Portfolio Template

EdTech Data Engineering Project: Batch Processing for Student Engagement Analytics

Project Overview

In the EdTech industry, analyzing student engagement is crucial for improving learning outcomes. Many online learning platforms struggle with fragmented data, slow analytics, and inefficient storage solutions. This project focuses on building a scalable, cost-efficient Azure-based analytical platform that processes batch data for comprehensive historical insights into student engagement.

Business Problem

Online learning platforms generate vast amounts of data from various sources, such as:

Learning Management Systems (LMS) (student logins, course progress)
Live & Recorded Sessions (video views, interaction time)
Assessments & Quizzes (scores, completion rates)
Forum Discussions & Chat (sentiment analysis, engagement metrics)

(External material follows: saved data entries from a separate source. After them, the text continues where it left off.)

text \<open>Here \<open>S\<close> is the neighbourhood of a component of \<open>V - \<Omega>\<close> and \<open>y \<in> \<Omega> - S\<close>. Every
  \<open>x \<in> S\<close> is adjacent to \<open>y\<close> or shares with it the neighbourhood of another component of
  \<open>V - \<Omega>\<close>; either way \<open>x\<close> has a neighbour in the component of \<open>V - S\<close> containing \<open>y\<close>.\<close>
lemma neighbourhood_subset_other_component:
  assumes covers: "covers_non_edges V E \<Omega>" and "\<Omega> \<subseteq> V"
    and S: "S \<subseteq> \<Omega>" and y: "y \<in> \<Omega> - S" and x: "x \<in> S"
  shows "x \<in> neighbourhood V E (component E (V - S) y)"
proof -
  let ?B = "component E (V - S) y"
  have yB: "y \<in> V - S" using y \<open>\<Omega> \<subseteq> V\<close> by blast
  have B: "?B \<subseteq> V - S" by (rule component_subset[OF yB])
  have xV: "x \<in> V" "x \<notin> ?B" using x S \<open>\<Omega> \<subseteq> V\<close> B by blast+
  show ?thesis
  proof (cases "{y, x} \<in> E")
    case True
    then show ?thesis using xV component_self[of y E "V - S"] unfolding neighbourhood_def by blast
  next
    case False
    then have "x \<noteq> y \<and> {x, y} \<notin> E" using x y by (auto simp: insert_commute)
    moreover have "x \<in> \<Omega>" "y \<in> \<Omega>" using x y S by blast+
    ultimately obtain z where z: "z \<in> V - \<Omega>" "{x, y} \<subseteq> neighbourhood V E (component E (V - \<Omega>) z)"
      using covers[unfolded covers_non_edges_def, rule_format, of x y] by blast
    let ?A = "component E (V - \<Omega>) z"
    have A: "?A \<subseteq> V - S" using component_subset[OF z(1), of E] S by blast
    obtain c c' where c: "c \<in> ?A" "{c, y} \<in> E" "c' \<in> ?A" "{c', x} \<in> E"
      using z(2) unfolding neighbourhood_def by blast
    have "(y, c) \<in> adj_in E (V - S)" using c(1,2) A yB
      unfolding adj_in_def by (auto simp: insert_commute)
    moreover have "(c, c') \<in> (adj_in E (V - S))\<^sup>*"
      using component_connected_within[OF c(1) c(3)] adj_in_rtrancl_mono[OF order_refl A] by blast
    ultimately have "(y, c') \<in> (adj_in E (V - S))\<^sup>*" by (rule converse_rtrancl_into_rtrancl)
    then have "c' \<in> ?B" by (simp add: component_def)
    then show ?thesis using xV c(4) unfolding neighbourhood_def by blast
  qed
qed

lemma completion_no_edge_across:
  assumes mt: "minimal_triangulation V (add_clique E \<Omega>) T" and "z \<in> V - \<Omega>"
    and "y \<in> \<Omega> - neighbourhood V E (component E (V - \<Omega>) z)" "\<Omega> \<subseteq> V"
  defines "A \<equiv> component E (V - \<Omega>) z"
  defines "B \<equiv> component E (V - neighbourhood V E A) y"
  shows "\<forall>a\<in>A. \<forall>b\<in>B. {a, b} \<notin> T"
proof (intro ballI notI)
  have A: "A \<subseteq> V - \<Omega>" unfolding A_def by (rule component_subset[OF assms(2)])
  have B: "B \<subseteq> V - neighbourhood V E A"
    unfolding B_def using assms(3,4) by (intro component_subset) (auto simp: A_def)
  have "A \<inter> B = {}" unfolding B_def using assms(3) A
    by (intro component_disjoint) (auto simp: A_def)
  fix a b assume "a \<in> A" "b \<in> B" "{a, b} \<in> T"
  then have "b \<in> A \<union> neighbourhood V E A"
    using completion_edge_local[OF mt assms(2)] unfolding A_def by blast
  then show False using \<open>b \<in> B\<close> B \<open>A \<inter> B = {}\<close> by blast
qed
lemma Taylor_second_order_lower_bound:
  fixes g :: "'a::real_normed_vector \<Rightarrow> real" and g' g'' :: "'a \<Rightarrow> 'a \<Rightarrow> real"
  assumes v: "norm v < r"
    and g': "\<And>y. y \<in> ball x r \<Longrightarrow> (g has_derivative g' y) (at y)"
    and g'': "\<And>y. y \<in> ball x r \<Longrightarrow> ((\<lambda>z. g' z v) has_derivative g'' y) (at y)"
    and E: "\<And>y. y \<in> ball x r \<Longrightarrow> \<bar>g'' y v - g'' x v\<bar> \<le> E"
  shows "g (x + v) \<ge> g x + g' x v + g'' x v / 2 - E / 2"
proof -
  have segment: "x + s *\<^sub>R v \<in> ball x r" if "0 \<le> s" "s \<le> 1" for s
    using that v mult_left_le_one_le[of "norm v" s] by (simp add: dist_norm)
  have line: "((\<lambda>s. x + s *\<^sub>R v) has_derivative (\<lambda>s. s *\<^sub>R v)) (at s)" for s
    by (auto intro!: derivative_eq_intros)
  have along_line: "((\<lambda>s. k (x + s *\<^sub>R v)) has_real_derivative k' (x + s *\<^sub>R v) v) (at s)"
    if "0 \<le> s" "s \<le> 1" "\<And>y. y \<in> ball x r \<Longrightarrow> (k has_derivative k' y) (at y)"
    for s and k :: "'a \<Rightarrow> real" and k'
  proof -
    have k': "(k has_derivative k' (x + s *\<^sub>R v)) (at (x + s *\<^sub>R v))"
      using that segment by blast
    have "k' (x + s *\<^sub>R v) (t *\<^sub>R v) = t * k' (x + s *\<^sub>R v) v" for t
      using linear_cmul[OF has_derivative_linear[OF k']] by simp
    then show ?thesis
      using has_derivative_compose[OF line k'] by (simp add: has_field_derivative_def mult_commute_abs)
  qed
  have "g (x + 1 *\<^sub>R v) \<ge> g (x + 0 *\<^sub>R v) + g' (x + 0 *\<^sub>R v) v + g'' (x + 0 *\<^sub>R v) v / 2 - E / 2"
    by (rule Taylor_second_order_lower_bound_real)
      (use along_line[of _ g g'] along_line[of _ "\<lambda>z. g' z v" g''] g' g'' E segment in auto)
  then show ?thesis
    by simp
qed

section \<open>Functions and measures on a compact index space\<close>

lemma continuous_on_slice:
  assumes "continuous_on (S \<times> UNIV) (\<lambda>(x, \<omega>). g x \<omega>)" "x \<in> S"
  shows "continuous_on UNIV (g x)"
proof -
  have "continuous_on UNIV (\<lambda>\<omega>. (x, \<omega>))"
    by (intro continuous_intros)
  moreover have "(\<lambda>\<omega>. (x, \<omega>)) ` UNIV \<subseteq> S \<times> UNIV"
    using assms(2) by auto
  ultimately show ?thesis
    by (rule continuous_on_compose2[OF assms(1), of UNIV "Pair x", simplified])
qed

lemma uniformly_continuous_in_compact_factor:
  fixes g :: "'a::metric_space \<Rightarrow> 'w::topological_space \<Rightarrow> 'b::metric_space"
  assumes W: "compact (UNIV :: 'w set)"
    and g: "continuous_on (N \<times> UNIV) (\<lambda>(y, \<omega>). g y \<omega>)"
    and N: "open N" "x \<in> N" and "e > 0"
  obtains d where "d > 0" "ball x d \<subseteq> N" "\<And>y \<omega>. y \<in> ball x d \<Longrightarrow> dist (g y \<omega>) (g x \<omega>) < e"
proof -
  define \<phi> where "\<phi> = (\<lambda>p. dist (g (fst p) (snd p)) (g x (snd p)))"
  have "continuous_on (N \<times> UNIV) (snd :: 'a \<times> 'w \<Rightarrow> 'w)"
    by (intro continuous_intros)
  then have "continuous_on (N \<times> UNIV) (\<lambda>p. g x (snd p))"
    using continuous_on_compose2[OF continuous_on_slice[OF g N(2)]] by blast
  then have "continuous_on (N \<times> UNIV) \<phi>"
    unfolding \<phi>_def using g by (intro continuous_intros) (simp_all add: case_prod_unfold)
  then have "open (\<phi> -` {..<e} \<inter> N \<times> UNIV)"
    by (rule continuous_on_open_vimage[OF open_Times[OF N(1) open_UNIV], THEN iffD1, rule_format])
      (use open_lessThan in auto)
  moreover have "{x} \<times> UNIV \<subseteq> \<phi> -` {..<e} \<inter> N \<times> UNIV"
    using N(2) \<open>e > 0\<close> unfolding \<phi>_def by auto
  ultimately have "\<exists>X. x \<in> X \<and> open X \<and> X \<times> UNIV \<subseteq> \<phi> -` {..<e} \<inter> N \<times> UNIV"
    by (rule Elementary_Topology.tube_lemma[OF W])
  then obtain X where X: "x \<in> X" "open X" "X \<times> UNIV \<subseteq> \<phi> -` {..<e} \<inter> N \<times> UNIV"
    by blast
  then obtain d where "d > 0" "ball x d \<subseteq> X"
    by (meson openE)
  show ?thesis
  proof (rule that[of d])
    show "ball x d \<subseteq> N"
      using \<open>ball x d \<subseteq> X\<close> X(3) by blast
    show "dist (g y \<omega>) (g x \<omega>) < e" if "y \<in> ball x d" for y \<omega>
    proof -
      have "(y, \<omega>) \<in> X \<times> UNIV"
        using that \<open>ball x d \<subseteq> X\<close> by auto
      then have "\<phi> (y, \<omega>) < e"
        using X(3) by blast
      then show ?thesis
        by (simp add: \<phi>_def)
    qed
  qed fact
qed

However, EdTech companies face these challenges:

Data Silos: Data is scattered across different platforms, making it difficult to analyze.
Slow Analytics: Existing processes are not optimized for efficient batch processing.
Scalability Issues: Large volumes of historical data require a robust and scalable architecture.
High Costs: Inefficient compute and storage solutions increase operational expenses.

Solution Design

We designed a modern data pipeline leveraging Azure Data Lake Storage (ADLS) and Medallion Architecture to efficiently store, process, and analyze batch data.

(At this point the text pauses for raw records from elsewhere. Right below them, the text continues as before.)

(* Let $W$ be an sc-Banach space, $E=\mathbb R^n\oplus W$, $C=[0,\infty)^n\oplus W$, and let $N$ be a finite-dimensional subspace of $E$ in good position to $C$, with good complement $N^\perp$ and constant $c>0$ (as in the definition of good position). Let $\Sigma=\bigcup_{a\in C\cap N,\,a\ne0}\sigma_a\subset\{1,\dots,n\}$ and $\Sigma^c=\{1,\dots,n\}\setminus\Sigma$. Then $N^\perp\subset\mathbb R^{\Sigma^c}\oplus W$.
   Context: An sc-Banach space is a Banach space $W$ with nested Banach spaces $W=W_0\supset W_1\supset\cdots$, compact inclusions $W_n\to W_m$ ($m<n$), $\bigcap W_m$ dense in each $W_m$; $E$ has levels $\mathbb R^n\oplus W_m$ and $\|\cdot\|$ denotes its level-$0$ norm. For $a=(a_1,\dots,a_n,a_\infty)\in C$, $\sigma_a=\{i: a_i=0\}$. For $S\subset\{1,\dots,n\}$, $\mathbb R^S=\{x\in\mathbb R^n: x_j=0\text{ for all } j\notin S\}$. An sc-complement of $N$ is a closed subspace $N^\perp$ with $E_m=(N\cap E_m)\oplus(N^\perp\cap E_m)$ topologically for all $m$, both sc-subspaces. $N$ is in good position to $C$ if $N\cap C$ has nonempty interior in $N$ and there exist an sc-complement $N^\perp$ (a good complement) and $c>0$ such that for every $(n,m)\in N\oplus N^\perp$ with $\|m\|\le c\|n\|$: $n+m\in C$ iff $n\in C$. *)

theory Defs
  imports "HOL-Analysis.Analysis"
begin

definition norm_on :: "('w::real_vector) set \<Rightarrow> ('w \<Rightarrow> real) \<Rightarrow> bool" where
  "norm_on V nr \<longleftrightarrow>
     (\<forall>x\<in>V. 0 \<le> nr x) \<and> (\<forall>x\<in>V. nr x = 0 \<longleftrightarrow> x = 0) \<and>
     (\<forall>x\<in>V. \<forall>a::real. nr (a *\<^sub>R x) = \<bar>a\<bar> * nr x) \<and>
     (\<forall>x\<in>V. \<forall>y\<in>V. nr (x + y) \<le> nr x + nr y)"

definition sc_banach :: "(nat \<Rightarrow> ('w::banach) set) \<Rightarrow> (nat \<Rightarrow> 'w \<Rightarrow> real) \<Rightarrow> bool" where
  "sc_banach Ws nr \<longleftrightarrow>
     Ws 0 = UNIV \<and> (\<forall>x. nr 0 x = norm x) \<and>
     (\<forall>m. subspace (Ws m) \<and> norm_on (Ws m) (nr m)) \<and>
     (\<forall>m. Ws (Suc m) \<subseteq> Ws m) \<and>
     (\<forall>m. \<forall>s::nat \<Rightarrow> 'w. (\<forall>j. s j \<in> Ws m) \<longrightarrow>
            (\<forall>e>0. \<exists>N. \<forall>p\<ge>N. \<forall>q\<ge>N. nr m (s p - s q) < e) \<longrightarrow>
            (\<exists>l\<in>Ws m. (\<lambda>j. nr m (s j - l)) \<longlonglongrightarrow> 0)) \<and>
     (\<forall>m k. m < k \<longrightarrow> (\<forall>(s::nat \<Rightarrow> 'w) B. (\<forall>j. s j \<in> Ws k \<and> nr k (s j) \<le> B) \<longrightarrow>
            (\<exists>r l. strict_mono r \<and> l \<in> Ws m \<and> (\<lambda>j. nr m (s (r j) - l)) \<longlonglongrightarrow> 0))) \<and>
     (\<forall>m. \<forall>x\<in>Ws m. \<forall>e>0. \<exists>y\<in>(\<Inter>k. Ws k). nr m (x - y) < e)"

definition Elev :: "(nat \<Rightarrow> 'w set) \<Rightarrow> nat \<Rightarrow> ((real^'n) \<times> 'w) set" where
  "Elev Ws m = UNIV \<times> Ws m"

definition Enorm :: "(nat \<Rightarrow> 'w \<Rightarrow> real) \<Rightarrow> nat \<Rightarrow> ((real^'n) \<times> 'w) \<Rightarrow> real" where
  "Enorm nr m e = sqrt ((norm (fst e))\<^sup>2 + (nr m (snd e))\<^sup>2)"

definition Einf :: "(nat \<Rightarrow> 'w set) \<Rightarrow> ((real^'n) \<times> 'w) set" where
  "Einf Ws = (\<Inter>m. Elev Ws m)"

text \<open>sc-subspace: closed linear subspace F of E whose induced filtration F_m = F \<inter> E_m
  is an sc-structure, i.e. (closedness and compactness being inherited) F_\<infinity> is dense in each F_m.\<close>
definition sc_subspace :: "(nat \<Rightarrow> ('w::banach) set) \<Rightarrow> (nat \<Rightarrow> 'w \<Rightarrow> real) \<Rightarrow>
     ((real^'n) \<times> 'w) set \<Rightarrow> bool" where
  "sc_subspace Ws nr F \<longleftrightarrow> subspace F \<and> closed F \<and>
     (\<forall>m. \<forall>x\<in>F \<inter> Elev Ws m. \<forall>e>0. \<exists>y\<in>F \<inter> Einf Ws. Enorm nr m (x - y) < e)"

definition sc_complement :: "(nat \<Rightarrow> ('w::banach) set) \<Rightarrow> (nat \<Rightarrow> 'w \<Rightarrow> real) \<Rightarrow>
     ((real^'n) \<times> 'w) set \<Rightarrow> ((real^'n) \<times> 'w) set \<Rightarrow> bool" where
  "sc_complement Ws nr N Np \<longleftrightarrow>
     closed Np \<and> subspace Np \<and> sc_subspace Ws nr N \<and> sc_subspace Ws nr Np \<and>
     N \<inter> Np = {0} \<and>
     (\<forall>m. (\<forall>e\<in>Elev Ws m. \<exists>a\<in>N \<inter> Elev Ws m. \<exists>b\<in>Np \<inter> Elev Ws m. e = a + b) \<and>
          (\<exists>K. \<forall>a\<in>N \<inter> Elev Ws m. \<forall>b\<in>Np \<inter> Elev Ws m.
                 Enorm nr m a \<le> K * Enorm nr m (a + b) \<and> Enorm nr m b \<le> K * Enorm nr m (a + b)))"

definition quadC :: "((real^'n) \<times> 'w) set" where
  "quadC = {e. \<forall>i. 0 \<le> fst e $ i}"

definition sigma :: "((real^'n) \<times> 'w) \<Rightarrow> 'n set" where
  "sigma a = {i. fst a $ i = 0}"

definition good_complement :: "(nat \<Rightarrow> ('w::banach) set) \<Rightarrow> (nat \<Rightarrow> 'w \<Rightarrow> real) \<Rightarrow>
     ((real^'n) \<times> 'w) set \<Rightarrow> ((real^'n) \<times> 'w) set \<Rightarrow> real \<Rightarrow> bool" where
  "good_complement Ws nr N Np c \<longleftrightarrow>
     (\<exists>x\<in>N \<inter> quadC. \<exists>r>0. \<forall>y\<in>N. dist y x < r \<longrightarrow> y \<in> quadC) \<and>
     sc_complement Ws nr N Np \<and> c > 0 \<and>
     (\<forall>n\<in>N. \<forall>m\<in>Np. norm m \<le> c * norm n \<longrightarrow> (n + m \<in> quadC \<longleftrightarrow> n \<in> quadC))"

end

theory Submission
  imports Defs
begin

text \<open>If a nonzero a \<in> C \<inter> N has a_j = 0 and e \<in> Np is nonzero, rescale e to
  \<plusminus>t e with norm c\<parallel>a\<parallel>. Good position puts both a + t e and a - t e into C, so
  t e_j \<ge> 0 and -t e_j \<ge> 0, whence e_j = 0. Only the good-position inequality is
  used.\<close>

lemma quadC_coord_zero_if_two_sided:
  assumes "a + t *\<^sub>R e \<in> quadC" and "a - t *\<^sub>R e \<in> quadC"
    and "fst a $ j = 0" and "t \<noteq> 0"
  shows "fst e $ j = 0"
proof -
  have "0 \<le> t * fst e $ j" and "0 \<le> - (t * fst e $ j)"
    using assms(1-3) by (auto simp: quadC_def dest: spec[of _ j])
  then have "t * fst e $ j = 0" by linarith
  with \<open>t \<noteq> 0\<close> show ?thesis by simp
qed

lemma good_complement_perturb_in_quadC:
  assumes "good_complement Ws nr N Np c"
    and "n \<in> N" and "n \<in> quadC" and "m \<in> Np" and "norm m \<le> c * norm n"
  shows "n + m \<in> quadC"
  using assms by (auto simp: good_complement_def)

lemma good_complement_scaled_in_quadC:
  assumes good: "good_complement Ws nr N Np c"
    and "a \<in> N" and "a \<in> quadC" and "e \<in> Np" and "\<bar>s\<bar> = c * norm a / norm e"
  shows "a + s *\<^sub>R e \<in> quadC"
proof (rule good_complement_perturb_in_quadC[OF good \<open>a \<in> N\<close> \<open>a \<in> quadC\<close>])
  have "subspace Np" using good by (simp add: good_complement_def sc_complement_def)
  then show "s *\<^sub>R e \<in> Np" using \<open>e \<in> Np\<close> by (simp add: subspace_scale)
  have "c \<ge> 0" using good by (simp add: good_complement_def)
  then show "norm (s *\<^sub>R e) \<le> c * norm a"
    using \<open>\<bar>s\<bar> = c * norm a / norm e\<close> by (cases "e = 0") auto
qed

theorem lemma6p6:
  fixes Ws :: "nat \<Rightarrow> ('w::banach) set" and nr :: "nat \<Rightarrow> 'w \<Rightarrow> real"
    and N Np :: "((real^'n) \<times> 'w) set" and c :: real
  assumes "sc_banach Ws nr"
    and "subspace N" and "\<exists>B. finite B \<and> N = span B"
    and "good_complement Ws nr N Np c"
  shows "Np \<subseteq> {e. \<forall>j\<in>(\<Union>a\<in>{a\<in>quadC \<inter> N. a \<noteq> 0}. sigma a). fst e $ j = 0}"
proof (intro subsetI CollectI ballI)
  fix e j
  assume "e \<in> Np" and "j \<in> (\<Union>a\<in>{a\<in>quadC \<inter> N. a \<noteq> 0}. sigma a)"
  then obtain a where "a \<in> quadC" "a \<in> N" "a \<noteq> 0" "fst a $ j = 0"
    by (auto simp: sigma_def)
  show "fst e $ j = 0"
  proof (cases "e = 0")
    case False
    define t where "t = c * norm a / norm e"
    have "t > 0"
      using False \<open>a \<noteq> 0\<close> assms(4) by (simp add: t_def good_complement_def)
    have "a + s *\<^sub>R e \<in> quadC" if "\<bar>s\<bar> = t" for s
      using good_complement_scaled_in_quadC[OF assms(4) \<open>a \<in> N\<close> \<open>a \<in> quadC\<close> \<open>e \<in> Np\<close>]
        that by (simp add: t_def)
    from this[of t] this[of "- t"] \<open>t > 0\<close>
    have "a + t *\<^sub>R e \<in> quadC" and "a - t *\<^sub>R e \<in> quadC" by simp_all
    with \<open>t > 0\<close> \<open>fst a $ j = 0\<close> show ?thesis
      by (simp add: quadC_coord_zero_if_two_sided)
  qed simp
qed

end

Batch Processing Path (Medallion Architecture)

Bronze Layer (Raw Storage): Ingests batch data into ADLS in its raw form. Data sources include SQL Server, CSV files, and REST APIs.
Silver Layer (Processed Data): Cleans, enriches, and standardizes data using Azure Databricks with Delta Lake. Applies business logic to structure and standardize engagement data.
Gold Layer (Optimized for Analytics): Stores aggregated and curated data in Azure Synapse Analytics. Optimized for fast query performance using partitioning and indexing techniques.

Architecture Diagram

Implementation

1. Data Ingestion (Bronze Layer)

Tools Used: Azure Data Factory (ADF), Azure Data Lake Storage (ADLS).

Process:

Data is ingested from SQL Server, CSV files, and REST APIs using ADF.
Incremental loads are implemented to optimize performance and reduce costs.
Raw data is stored in ADLS in Parquet format for efficient querying.

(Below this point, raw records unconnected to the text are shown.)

theorem corollary3p17:
  "\<exists>C :: real. 0 < C \<and> (\<forall>(n::nat) (\<epsilon>::real). 0 < \<epsilon> \<and> \<epsilon> < 1 \<longrightarrow>
     (\<exists>(\<kappa> :: (complex mat \<times> real) set \<Rightarrow> (complex mat \<times> real) set)
        (\<rho> :: (complex mat \<times> real) set \<Rightarrow> complex mat \<Rightarrow> real).
        (\<forall>S. finite S \<and> S \<subseteq> test_ops n \<times> {0..1} \<longrightarrow>
            \<kappa> S \<subseteq> S \<and> real (card (\<kappa> S)) \<le> C * real n / \<epsilon>^2 \<and>
            (\<forall>E \<in> test_ops n. 0 \<le> \<rho> (\<kappa> S) E \<and> \<rho> (\<kappa> S) E \<le> 1)) \<and>
        (\<forall>p \<in> pauli_channels n. \<forall>S. finite S \<and> S \<subseteq> test_ops n \<times> {0..1} \<longrightarrow>
            (\<forall>(E, y) \<in> S. y = f_pauli n p E) \<longrightarrow>
            (\<forall>(E, y) \<in> S. \<bar>\<rho> (\<kappa> S) E - f_pauli n p E\<bar> \<le> \<epsilon>)) \<and>
        (\<forall>p \<in> pauli_channels n. \<forall>S. finite S \<and> S \<subseteq> test_ops n \<times> {0..1} \<longrightarrow>
            (\<forall>(E, y) \<in> S. \<bar>y - f_pauli n p E\<bar> \<le> \<epsilon> / 3) \<longrightarrow>
            (\<forall>(E, y) \<in> S. \<bar>\<rho> (\<kappa> S) E - f_pauli n p E\<bar> \<le> \<epsilon>))))"
proof (intro exI[of _ "432::real"] conjI allI impI, goal_cases)
  case 1
  show ?case by simp
next
  case (2 n \<epsilon>)
  then have \<epsilon>: "0 < \<epsilon>" by simp
  show ?case
  proof (intro exI[of _ "compress (pauli_idx n) (bell_value n) (\<epsilon> / 3)"]
      exI[of _ "reconstruct (pauli_idx n) (bell_value n) (\<epsilon> / 3)"] conjI, goal_cases)
    case 1
    show ?case
      by (intro allI impI conjI ballI)
        (simp_all add: compress_subset card_compress_pauli_le[OF \<epsilon>] reconstruct_nonneg reconstruct_le_one)
  next
    case 2
    show ?case
      by (rule ballI, rule allI, rule impI, rule impI, rule pauli_reconstruct_compress_accurate[OF \<epsilon>])
        (use \<epsilon> in auto)
  next
    case 3
    show ?case
      by (rule ballI, rule allI, rule impI, rule impI, rule pauli_reconstruct_compress_accurate[OF \<epsilon>]) auto
  qed
qed

end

Example: Incremental Data Load in ADF

-- Query for Lookup activity in ADF
SELECT LastWatermark FROM WatermarkTable WHERE TableName = 'StudentEngagement'

-- Query for Copy activity in ADF
SELECT * FROM StudentEngagement
WHERE LastModifiedDate > '@(activity('LookupWatermark').output.firstRow.LastWatermark)'

Update the watermark after successful ingestion.

-- Stored Procedure activity in ADF
CREATE PROCEDURE UpdateWatermark
    @TableName NVARCHAR(100),
    @NewWatermark DATETIME
AS
BEGIN
    SET NOCOUNT ON;

    -- Update the watermark only if the new one is greater 
    UPDATE WatermarkTable
    SET LastWatermark = @NewWatermark
    WHERE TableName = @TableName
    AND @NewWatermark > LastWatermark;
END;

Parameters:

@TableName = 'StudentEngagement'
@NewWatermark = @{activity('CopyData').output.rowsCopied > 0 ? max(activity('CopyData').output.lastRow.LastModifiedDate) : activity('LookupWatermark').output.firstRow.LastWatermark}

2. Mounting Azure Data Lake Storage in Databricks

To access data stored in ADLS from Databricks, I mounted the ADLS container to Databricks using OAuth authentication.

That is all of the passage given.